JERUSALEM — America can't be trusted. The United States plays favorites. Washington is not a reliable mediator.
These were the kind of complaints once heard throughout the Arab world whenever it was suggested that the way to peace in the Middle East passes through the United States.
But last week, this litany of hard feelings flowed not from Arab lips, but Israel's. America's closest ally in the Middle East was suddenly playing the role of wounded party, one subject to superpower bullying.
The specific cause of the pain were the double-barrel warnings from President Bush and Secretary of State James A. Baker III that new foreign aid to Israel may depend on steps to peace and an end to Israeli settlement of the disputed West Bank and Gaza Strip. Bush has vowed to delay guarantees that would make it easier for Israel to borrow $10 billion to house and provide jobs for new Soviet immigrants.
The salvoes appeared to have caught leaders of Israel's right-wing government off guard; Prime Minister Yitzhak Shamir essentially pleaded for someone to wake him when it's over. "I hope this will pass like a bad dream," he said.
Underlying the emotional eruptions were perceptions of sudden change of tactics by the United States and perhaps a tidal change in the role of Washington in the region.
The United States is no longer acting as Israel's sole champion in a hostile world. With the Soviet Union's traditional support for the Arabs now worthless currency and the Arabs competing with Israel for the title of America's best friend, the United States is behaving as a detached mediator with no particular leaning to either side of the conflict. Or perhaps, trying to do the impossible: lean to all sides.
The tactical change alone was jarring. For six months, Secretary Baker had tried to steer clear of issues of substance dividing the warring parties in the Middle East, figuring that it was most important to get everyone to the negotiating table even if no one exactly knew the precise goals of the talks. The key, as explained by aides of Baker was to get everyone into a room, where just by being there, they would undergo a "mind-altering experience" that would lead to breakthrough on the region's intractable problems.
But the closer the conference gets, the more the Bush Administration finds itself doing exactly what it said it wouldn't: arguing with the Arabs and Israelis about the most fundamental and sensitive issues in the 43-year-old conflict.
Israel, for instance, was expecting to come to the table saying that it was set against a withdrawal from land won from Arab neighbors, in return for peace treaties. Syria and the rest of the Arabs, on the other hand, were coming armed with U.N. resolutions which call for Israel to withdraw from at least some territories.
Fine with Baker, as long as everyone showed up.
But by focusing on settlements, Bush and Baker tossed a matter of substance--perhaps THE matter--into plain view. Occupied territory is up for negotiation.
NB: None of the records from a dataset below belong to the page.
lemma t1_space_vietoris:
  assumes "t1_space X"
  shows "t1_space (vietoris X)"
  unfolding t1_space_def topspace_vietoris
proof (intro ballI impI)
  fix G H assume G: "G \<in> CL X" and H: "H \<in> CL X" and "G \<noteq> H"
  then have "G \<subseteq> topspace X" "H \<subseteq> topspace X"
    by (auto simp: CL_def closedin_subset)
  show "\<exists>U. openin (vietoris X) U \<and> G \<in> U \<and> H \<notin> U"
  proof (cases "G \<subseteq> H")
    case False
    let ?U = "{F \<in> CL X. F \<inter> (topspace X - H) \<noteq> {}}"
    have "openin (vietoris X) ?U"
      using H by (intro openin_vietoris_lower) (auto simp: CL_def)
    moreover have "G \<in> ?U" "H \<notin> ?U"
      using False G \<open>G \<subseteq> topspace X\<close> by auto
    ultimately show ?thesis
      by blast
  next
    case True
    then obtain x where x: "x \<in> H" "x \<notin> G"
      using \<open>G \<noteq> H\<close> by blast
    let ?U = "{F \<in> CL X. F \<subseteq> topspace X - {x}}"
    have "openin (vietoris X) ?U"
      using x \<open>H \<subseteq> topspace X\<close> closedin_t1_singleton[OF assms]
      by (intro openin_vietoris_upper) auto
    moreover have "G \<in> ?U" "H \<notin> ?U"
      using x G \<open>G \<subseteq> topspace X\<close> by auto
    ultimately show ?thesis
      by blast
  qed
qed

lemma vietoris_open_meets_finite_subsets:
  assumes "t1_space X" "D \<subseteq> topspace X" "X closure_of D = topspace X"
    and "openin (vietoris X) U" "U \<noteq> {}"
  shows "U \<inter> {E. E \<subseteq> D \<and> finite E \<and> E \<noteq> {}} \<noteq> {}"
proof -
  obtain G where "G \<in> U"
    using assms(5) by blast
  then obtain W \<V> where W: "openin X W" "finite \<V>" "\<forall>V\<in>\<V>. openin X V"
    "G \<in> vietoris_box X W \<V>" "vietoris_box X W \<V> \<subseteq> U"
    using openin_vietoris_imp_box[OF assms(4)] by meson
  have "\<exists>d\<in>D. d \<in> V \<inter> W" if "V \<in> insert W \<V>" for V
  proof -
    have "V \<inter> W \<noteq> {}"
      using W(4) that by (auto simp: vietoris_box_def CL_def)
    moreover have "openin X (V \<inter> W)"
      using W(1,3) that by auto
    ultimately show ?thesis
      using assms(3) unfolding dense_intersects_open by blast
  qed
  then obtain d where d: "\<And>V. V \<in> insert W \<V> \<Longrightarrow> d V \<in> D \<and> d V \<in> V \<inter> W"
    by metis
  let ?E = "d ` insert W \<V>"
  have "?E \<in> CL X"
    using d assms(1,2) W(2) by (intro finite_in_CL) auto
  then have "?E \<in> vietoris_box X W \<V>"
    using d by (fastforce simp: vietoris_box_def)
  with W(5) have "?E \<in> U"
    by blast
  moreover have "?E \<subseteq> D" "finite ?E" "?E \<noteq> {}"
    using d W(2) by auto
  ultimately show ?thesis
    by blast
qed

lemma t1_space_derived_set_of_imp_infinite:
  assumes "t1_space X" "x \<in> X derived_set_of S" "openin X U" "x \<in> U"
  shows "infinite (S \<inter> U)"
proof -
  have "X derived_set_of S = {x \<in> topspace X. \<forall>U. x \<in> U \<and> openin X U \<longrightarrow> infinite (S \<inter> U)}"
    using t1_space_derived_set_of_infinite_openin[THEN iffD1, OF assms(1), rule_format] .
  with assms(2-4) show ?thesis
    by auto
qed

lemma derived_set_of_unbounded_sequence:
  assumes t1: "t1_space Z" and f: "continuous_map Z euclideanreal f"
    and y: "\<And>n. real n < \<bar>f (y n)\<bar>"
  shows "Z derived_set_of range y = {}"
proof (rule ccontr)
  assume "Z derived_set_of range y \<noteq> {}"
  then obtain z where z: "z \<in> Z derived_set_of range y"
    by blast
  define N where "N = {w \<in> topspace Z. f w \<in> {r. \<bar>r\<bar> < \<bar>f z\<bar> + 1}}"
  have "open {r. \<bar>r\<bar> < \<bar>f z\<bar> + 1}"
    by (intro open_Collect_less continuous_intros)
  then have "openin Z N"
    unfolding N_def by (intro openin_continuous_map_preimage[OF f]) simp
  moreover have "z \<in> N"
    using z by (simp add: N_def in_derived_set_of)
  ultimately have "infinite (range y \<inter> N)"
    by (rule t1_space_derived_set_of_imp_infinite[OF t1 z])
  moreover have "range y \<inter> N \<subseteq> y ` {..nat \<lceil>\<bar>f z\<bar> + 1\<rceil>}"
  proof clarify
    fix n assume "y n \<in> N"
    then have "n \<le> nat \<lceil>\<bar>f z\<bar> + 1\<rceil>"
      using y[of n] by (simp add: N_def) linarith
    then show "y n \<in> y ` {..nat \<lceil>\<bar>f z\<bar> + 1\<rceil>}"
      by simp
  qed
  ultimately show False
    using finite_subset by blast
qed

lemma pseudocompact_if_dense_rel_countably_compact:
  assumes t1: "t1_space Z"
    and dense: "\<And>U. openin Z U \<Longrightarrow> U \<noteq> {} \<Longrightarrow> U \<inter> Y \<noteq> {}"
    and rcc: "rel_countably_compact Z Y"
  shows "pseudocompact Z"
  unfolding pseudocompact_def
proof (intro allI impI)
  fix f assume f: "continuous_map Z euclideanreal f"
  show "bounded (f ` topspace Z)"
  proof (rule ccontr)
    assume "\<not> bounded (f ` topspace Z)"
    then have "{z \<in> topspace Z. f z \<in> {r. real n < \<bar>r\<bar>}} \<noteq> {}" for n :: nat
      unfolding bounded_real by (auto simp: not_le)
    moreover have "openin Z {z \<in> topspace Z. f z \<in> {r. real n < \<bar>r\<bar>}}" for n :: nat
      by (intro openin_continuous_map_preimage[OF f]) (simp add: open_Collect_less continuous_intros)
    ultimately have "\<exists>y\<in>Y. real n < \<bar>f y\<bar>" for n :: nat
      using dense by blast
    then obtain y where y: "\<And>n. y n \<in> Y" "\<And>n. real n < \<bar>f (y n)\<bar>"
      by metis
    have "infinite (range y)"
    proof
      assume "finite (range y)"
      then obtain M where M: "\<And>n. \<bar>f (y n)\<bar> \<le> M"
        using finite_imp_bounded[of "f ` range y"] unfolding bounded_real by auto
      show False
        using M[of "nat \<lceil>M\<rceil>"] y(2)[of "nat \<lceil>M\<rceil>"] real_nat_ceiling_ge[of M] by linarith
    qed
    then have "Z derived_set_of range y \<noteq> {}"
      using rcc y(1) unfolding rel_countably_compact_def by (simp add: image_subset_iff)
    with derived_set_of_unbounded_sequence[OF t1 f y(2)] show False
      by blast
  qed
qed
text \<open>
  Suppose the sweeper confines the evaders. The initial sensor meets the circle of radius
  \<open>R0\<close> in at most two points, so by continuity, for a short time \<open>t\<close>, an evader leaving the
  disk radially at full speed is caught only if its direction lies in a thin cone around
  these points. Hence every point of the disk of radius \<open>R0 + VT t\<close> is in the evader region,
  swept during \<open>[0, t]\<close>, or in the thin cone, and comparing areas gives
  \<open>\<pi> (R0 + VT t)\<^sup>2 \<le> \<pi> R0\<^sup>2 + 2 r Vs t + ((R0 + VT t)\<^sup>2 - R0\<^sup>2) m\<close>, where \<open>m\<close>, the area of the
  cone inside the unit disk, is as small as we like. This forces \<open>(\<pi> - m) R0 VT \<le> r Vs\<close>,
  contradicting \<open>Vs < \<pi> R0 VT / r\<close> once \<open>m\<close> is small enough.
\<close>

lemma finite_sphere_Int_closed_segment:
  fixes x0 p q :: "'a::real_inner"
  assumes "p \<noteq> q"
  shows "finite (sphere x0 R \<inter> closed_segment p q)"
proof -
  define w d where "w = p - x0" and "d = q - p"
  define P where "P = [:w \<bullet> w - R\<^sup>2, 2 * (w \<bullet> d), d \<bullet> d:]"
  have "P \<noteq> 0" using assms by (simp add: P_def d_def)
  have "sphere x0 R \<inter> closed_segment p q \<subseteq> (\<lambda>u. p + u *\<^sub>R d) ` {u. poly P u = 0}"
  proof
    fix z assume z: "z \<in> sphere x0 R \<inter> closed_segment p q"
    then obtain u where u: "z = p + u *\<^sub>R d"
      unfolding closed_segment_def d_def by (auto simp: algebra_simps)
    have "(w + u *\<^sub>R d) \<bullet> (w + u *\<^sub>R d) = R\<^sup>2"
      using z by (simp add: u w_def dist_norm norm_minus_commute power2_norm_eq_inner[symmetric]
          algebra_simps)
    then have "poly P u = 0"
      by (simp add: P_def inner_add inner_commute power2_eq_square algebra_simps)
    then show "z \<in> (\<lambda>u. p + u *\<^sub>R d) ` {u. poly P u = 0}" using u by blast
  qed
  then show ?thesis using poly_roots_finite[OF \<open>P \<noteq> 0\<close>] finite_subset by blast
qed

lemma closed_segment_approx:
  fixes p q p0 q0 :: "'a::real_normed_vector"
  assumes "y \<in> closed_segment p q" "dist p p0 < e" "dist q q0 < e"
  shows "\<exists>y0\<in>closed_segment p0 q0. dist y y0 < e"
proof -
  obtain u where u: "y = (1 - u) *\<^sub>R p + u *\<^sub>R q" "0 \<le> u" "u \<le> 1"
    using assms(1) unfolding closed_segment_def by auto
  define y0 where "y0 = (1 - u) *\<^sub>R p0 + u *\<^sub>R q0"
  have "y0 \<in> closed_segment p0 q0" unfolding y0_def closed_segment_def using u by auto
  moreover have "dist y y0 < e"
  proof -
    have "dist y y0 = norm ((1 - u) *\<^sub>R (p - p0) + u *\<^sub>R (q - q0))"
      by (simp add: u y0_def dist_norm algebra_simps)
    also have "\<dots> \<le> (1 - u) * dist p p0 + u * dist q q0"
      using u norm_triangle_ineq[of "(1 - u) *\<^sub>R (p - p0)" "u *\<^sub>R (q - q0)"]
      by (simp add: dist_norm)
    also have "\<dots> < (1 - u) * e + u * e"
      using u assms(2,3)
      by (cases "u = 0") (auto intro!: add_le_less_mono mult_left_mono mult_strict_left_mono)
    finally show ?thesis by (simp add: algebra_simps)
  qed
  ultimately show ?thesis by blast
qed

lemma compact_closed_approx_Int:
  fixes K S :: "'a::heine_borel set"
  assumes "compact K" "closed S" "\<delta> > 0"
  shows "\<exists>\<eta>>0. \<forall>z\<in>K. \<forall>y\<in>S. dist z y < \<eta> \<longrightarrow> (\<exists>e\<in>K \<inter> S. dist z e < \<delta>)"
proof -
  define K' where "K' = K - (\<Union>e\<in>K \<inter> S. ball e \<delta>)"
  have "compact K'" unfolding K'_def using assms(1) by (intro compact_diff) auto
  moreover have "K' \<inter> S = {}" unfolding K'_def using assms(3) by fastforce
  ultimately obtain \<eta> where "\<eta> > 0" "\<forall>z\<in>K'. \<forall>y\<in>S. \<eta> \<le> dist z y"
    using separate_compact_closed[OF _ assms(2)] by blast
  then show ?thesis unfolding K'_def by (force simp: dist_commute)
qed

definition ray_cone :: "'a::real_normed_vector \<Rightarrow> 'a set \<Rightarrow> 'a set" where
  "ray_cone x0 U = {y. y \<noteq> x0 \<and> sgn (y - x0) \<in> U}"

lemma open_ray_cone:
  assumes "open U"
  shows "open (ray_cone x0 U)"
proof -
  have "continuous_on (- {x0}) (\<lambda>y. sgn (y - x0))"
    by (intro continuous_intros) auto
  then have "open ((\<lambda>y. sgn (y - x0)) -` U \<inter> - {x0})"
    using assms continuous_on_open_vimage[of "- {x0}"] by blast
  moreover have "ray_cone x0 U = (\<lambda>y. sgn (y - x0)) -` U \<inter> - {x0}"
    unfolding ray_cone_def by auto
  ultimately show ?thesis by simp
qed

lemma ray_cone_homothety_iff:
  assumes "c > 0"
  shows "x0 + c *\<^sub>R (y - x0) \<in> ray_cone x0 U \<longleftrightarrow> y \<in> ray_cone x0 U"
  using assms by (simp add: ray_cone_def sgn_scaleR)

lemma measure_ray_cone_Int_cball:
  fixes x0 :: "'a::euclidean_space"
  assumes "R > 0"
  shows "measure lebesgue (ray_cone x0 U \<inter> cball x0 R)
           = R ^ DIM('a) * measure lebesgue (ray_cone x0 U \<inter> cball x0 1)"
proof -
  have "ray_cone x0 U \<inter> cball x0 R
          = (\<lambda>y. R *\<^sub>R y + (x0 - R *\<^sub>R x0)) ` (ray_cone x0 U \<inter> cball x0 1)"
  proof (intro equalityI subsetI)
    fix z assume z: "z \<in> ray_cone x0 U \<inter> cball x0 R"
    define y where "y = x0 + (1 / R) *\<^sub>R (z - x0)"
    have "y \<in> ray_cone x0 U"
      using z assms ray_cone_homothety_iff[of "1 / R" x0 z U] by (simp add: y_def)
    moreover have "y \<in> cball x0 1"
      using z assms by (simp add: y_def dist_norm norm_minus_commute divide_le_eq)
    moreover have "z = R *\<^sub>R y + (x0 - R *\<^sub>R x0)"
      using assms by (simp add: y_def algebra_simps)
    ultimately show "z \<in> (\<lambda>y. R *\<^sub>R y + (x0 - R *\<^sub>R x0)) ` (ray_cone x0 U \<inter> cball x0 1)"
      by blast
  next
    fix z assume "z \<in> (\<lambda>y. R *\<^sub>R y + (x0 - R *\<^sub>R x0)) ` (ray_cone x0 U \<inter> cball x0 1)"
    then obtain y where y: "y \<in> ray_cone x0 U" "dist x0 y \<le> 1" and z: "z = x0 + R *\<^sub>R (y - x0)"
      by (auto simp: algebra_simps)
    have "z \<in> ray_cone x0 U" unfolding z by (rule ray_cone_homothety_iff[OF assms, THEN iffD2, OF y(1)])
    moreover have "dist x0 z \<le> R"
      using y(2) assms by (simp add: z dist_norm norm_minus_commute mult_left_le)
    ultimately show "z \<in> ray_cone x0 U \<inter> cball x0 R" by simp
  qed
  then show ?thesis using measure_lebesgue_affine[of R] assms by simp
qed

lemma measure_ray_cone_annulus:
  fixes x0 :: "'a::euclidean_space"
  assumes "ray_cone x0 U \<in> sets lebesgue" "0 < R0" "R0 \<le> R1"
  shows "measure lebesgue (ray_cone x0 U \<inter> cball x0 R1 - cball x0 R0)
           = (R1 ^ DIM('a) - R0 ^ DIM('a)) * measure lebesgue (ray_cone x0 U \<inter> cball x0 1)"
proof -
  have fin: "ray_cone x0 U \<inter> cball x0 R \<in> fmeasurable lebesgue" for R
    using assms(1) by (intro fmeasurableI2[OF lmeasurable_cball[of x0 R]] sets.Int) auto
  have "measure lebesgue (ray_cone x0 U \<inter> cball x0 R1 - cball x0 R0)
      = measure lebesgue (ray_cone x0 U \<inter> cball x0 R1 - ray_cone x0 U \<inter> cball x0 R0)"
    by (rule arg_cong[of _ _ "measure lebesgue"]) auto
  also have "\<dots> = measure lebesgue (ray_cone x0 U \<inter> cball x0 R1)
                   - measure lebesgue (ray_cone x0 U \<inter> cball x0 R0)"
    using fin[of R1] fin[of R0] assms(3) by (intro measurable_measure_Diff) auto
  also have "\<dots> = (R1 ^ DIM('a) - R0 ^ DIM('a)) * measure lebesgue (ray_cone x0 U \<inter> cball x0 1)"
    using measure_ray_cone_Int_cball[of R1 x0 U] measure_ray_cone_Int_cball[of R0 x0 U] assms(2,3)
    by (simp add: left_diff_distrib)
  finally show ?thesis .
qed
lemma Ext1_P_dim_rotation:
  assumes b: "b = z * e" and f: "f = z * c"
  shows "Ext1_P_dim z x b c e f 1"
  unfolding Ext1_P_dim_def
proof (rule quotient_dim_1I)
  define B where "B = derivation_of_gens b c e f (case_gen (1 - z) e 0)"
  have LB: "twisted_derivation b c e f B" unfolding B_def by (rule twisted_derivation_of_gens)
  have B: "B [E0] = 1 - z" "B [E1] = e" "B [E2] = 0" unfolding B_def by simp_all
  have x: "x = z * c * e" using ef f by (simp add: ac_simps)
  show "B \<in> derivations (J_relators z x) (P_char b c) (P_char e f)"
    unfolding derivations_iff using LB by (simp add: B b f x power2_eq_square algebra_simps)
  show "k = 0" if kB: "(\<lambda>w. k * B w) \<in> inner_derivations (P_char b c) (P_char e f)" for k
    using inner_derivationsD[OF kB] B z_not_one by simp
  fix d assume "d \<in> derivations (J_relators z x) (P_char b c) (P_char e f)"
  then have L: "twisted_derivation b c e f d"
    and rel: "(f - z^2*c) * d [E1] + (b - z^2*e) * d [E2] = x * d [E0]"
    unfolding derivations_iff by auto
  have "z * ((1 - z) * (c * d [E1] + e * d [E2])) = (f - z^2*c) * d [E1] + (b - z^2*e) * d [E2]"
    by (simp add: b f power2_eq_square algebra_simps)
  also have "\<dots> = z * (c * e * d [E0])"
    unfolding rel x by (simp add: ac_simps)
  finally have "(1 - z) * (c * d [E1] + e * d [E2]) = c * e * d [E0]"
    using z_nonzero by simp
  define k where "k = d [E0] / (1 - z)"
  have d0: "d [E0] = (1 - z) * k" unfolding k_def using z_not_one by simp
  then have "(1 - z) * (c * d [E1] + e * d [E2]) = (1 - z) * (c * e * k)"
    using \<open>(1 - z) * _ = c * e * d [E0]\<close> by (simp add: ac_simps)
  then have "c * d [E1] + e * d [E2] = c * e * k"
    using z_not_one by simp
  then have d1: "d [E1] - k * e = - (e * d [E2] / c)"
    using nonzero by (simp add: field_simps)
  define phi where "phi = d [E2] / ((z - 1) * c)"
  have "d [E0] - k * B [E0] = 0" using d0 B by simp
  moreover have "d [E2] - k * B [E2] = (f - c) * phi"
    using B z_not_one nonzero unfolding phi_def f by (simp add: field_simps)
  moreover have "(e - b) * phi = - (e * d [E2] / c)"
    using z_not_one nonzero unfolding phi_def b by (simp add: field_simps)
  then have "d [E1] - k * B [E1] = (e - b) * phi"
    using B d1 by simp
  ultimately show "\<exists>k. (\<lambda>w. d w - k * B w) \<in> inner_derivations (P_char b c) (P_char e f)"
    by (metis inner_derivations_iff[OF twisted_derivation_diff[OF L LB]])
qed

lemma Ext1_P_dim_square_rotation:
  assumes b: "b = z^2 * e" and f: "f = z^2 * c"
  shows "Ext1_P_dim z x b c e f 1"
  unfolding Ext1_P_dim_def
proof (rule quotient_dim_1I)
  define B where "B = derivation_of_gens b c e f (case_gen 0 1 0)"
  have LB: "twisted_derivation b c e f B" unfolding B_def by (rule twisted_derivation_of_gens)
  have B: "B [E0] = 0" "B [E1] = 1" "B [E2] = 0" unfolding B_def by simp_all
  show "B \<in> derivations (J_relators z x) (P_char b c) (P_char e f)"
    unfolding derivations_iff using LB by (simp add: B f)
  show "k = 0" if kB: "(\<lambda>w. k * B w) \<in> inner_derivations (P_char b c) (P_char e f)" for k
  proof -
    obtain phi where "k = (e - b) * phi" "0 = (f - c) * phi"
      using inner_derivationsD[OF kB] B by auto
    then show "k = 0" using z_not_one nonzero unfolding b f by (auto simp: algebra_simps)
  qed
  fix d assume "d \<in> derivations (J_relators z x) (P_char b c) (P_char e f)"
  then have L: "twisted_derivation b c e f d" and "(b - z * e) * d [E0] = 0"
    unfolding derivations_iff by auto
  moreover have "b - z * e = z * (z - 1) * e"
    unfolding b by (simp add: power2_eq_square algebra_simps)
  ultimately have d0: "d [E0] = 0" using z_nonzero z_not_one nonzero by simp
  define phi where "phi = d [E2] / ((z^2 - 1) * c)"
  define k where "k = d [E1] - (e - b) * phi"
  have "d [E0] - k * B [E0] = 0" "d [E1] - k * B [E1] = (e - b) * phi"
    using B d0 unfolding k_def by simp_all
  moreover have "d [E2] - k * B [E2] = (f - c) * phi"
    using B z_not_one nonzero unfolding phi_def f by (simp add: field_simps)
  ultimately show "\<exists>k. (\<lambda>w. d w - k * B w) \<in> inner_derivations (P_char b c) (P_char e f)"
    by (metis inner_derivations_iff[OF twisted_derivation_diff[OF L LB]])
qed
In Israel, the immediate reaction was something that Baker had long hoped to avoid: Israel's participation was put into question.
Health Minister Ehud Olmert, a confidant of Shamir's, said Baker had created "a situation that requires us to give further consideration regarding our stance."
Transport Minister Moshe Katzav said U.S. positions had all but obliterated Washington's status as mediator. "Based on statements in the media relating to the secretary of state, in my opinion this status, this position of the honest broker no longer exists," he said.
Curiously, the Palestinians, who would directly benefit from a settlement freeze, seemed barely to recognize the cards they were dealt. "Suspicions about the outcome of the conference are building up," said a senior official of the Palestine Liberation Organization in Jordan.
Apparently, not trusting their own ability to make gains at the talks, the Palestinian leaders asked for more assurances: that the negotiations will seek Israeli withdrawal from most of the West Bank and Gaza Strip, will discuss the status of Israeli-controlled Arab districts of East Jerusalem, and may lead to a Palestinian state, perhaps in a confederation with Jordan.
Otherwise, the Palestinians, too, might stay away. "We need a signal from the United States that shows us that the peace conference will go in the right direction. We want to get on Mr. Baker's bus, but we need a lift up into it," the PLO official added.
Baker's willingness to give the warring parties "letters of assurance" which spell out American positions undermined the effort by Baker to keep divisive issues at bay. In a distant echo of Woodrow Wilson's principle of "open covenants, openly arrived at," Baker said that every party to the talks will be given a copy of all the assurances. "Once those assurance letters have been agreed to . . . then we intend to furnish them to everyone. There will be no secrets," he told the reporters traveling with him on his latest diplomatic odyssey.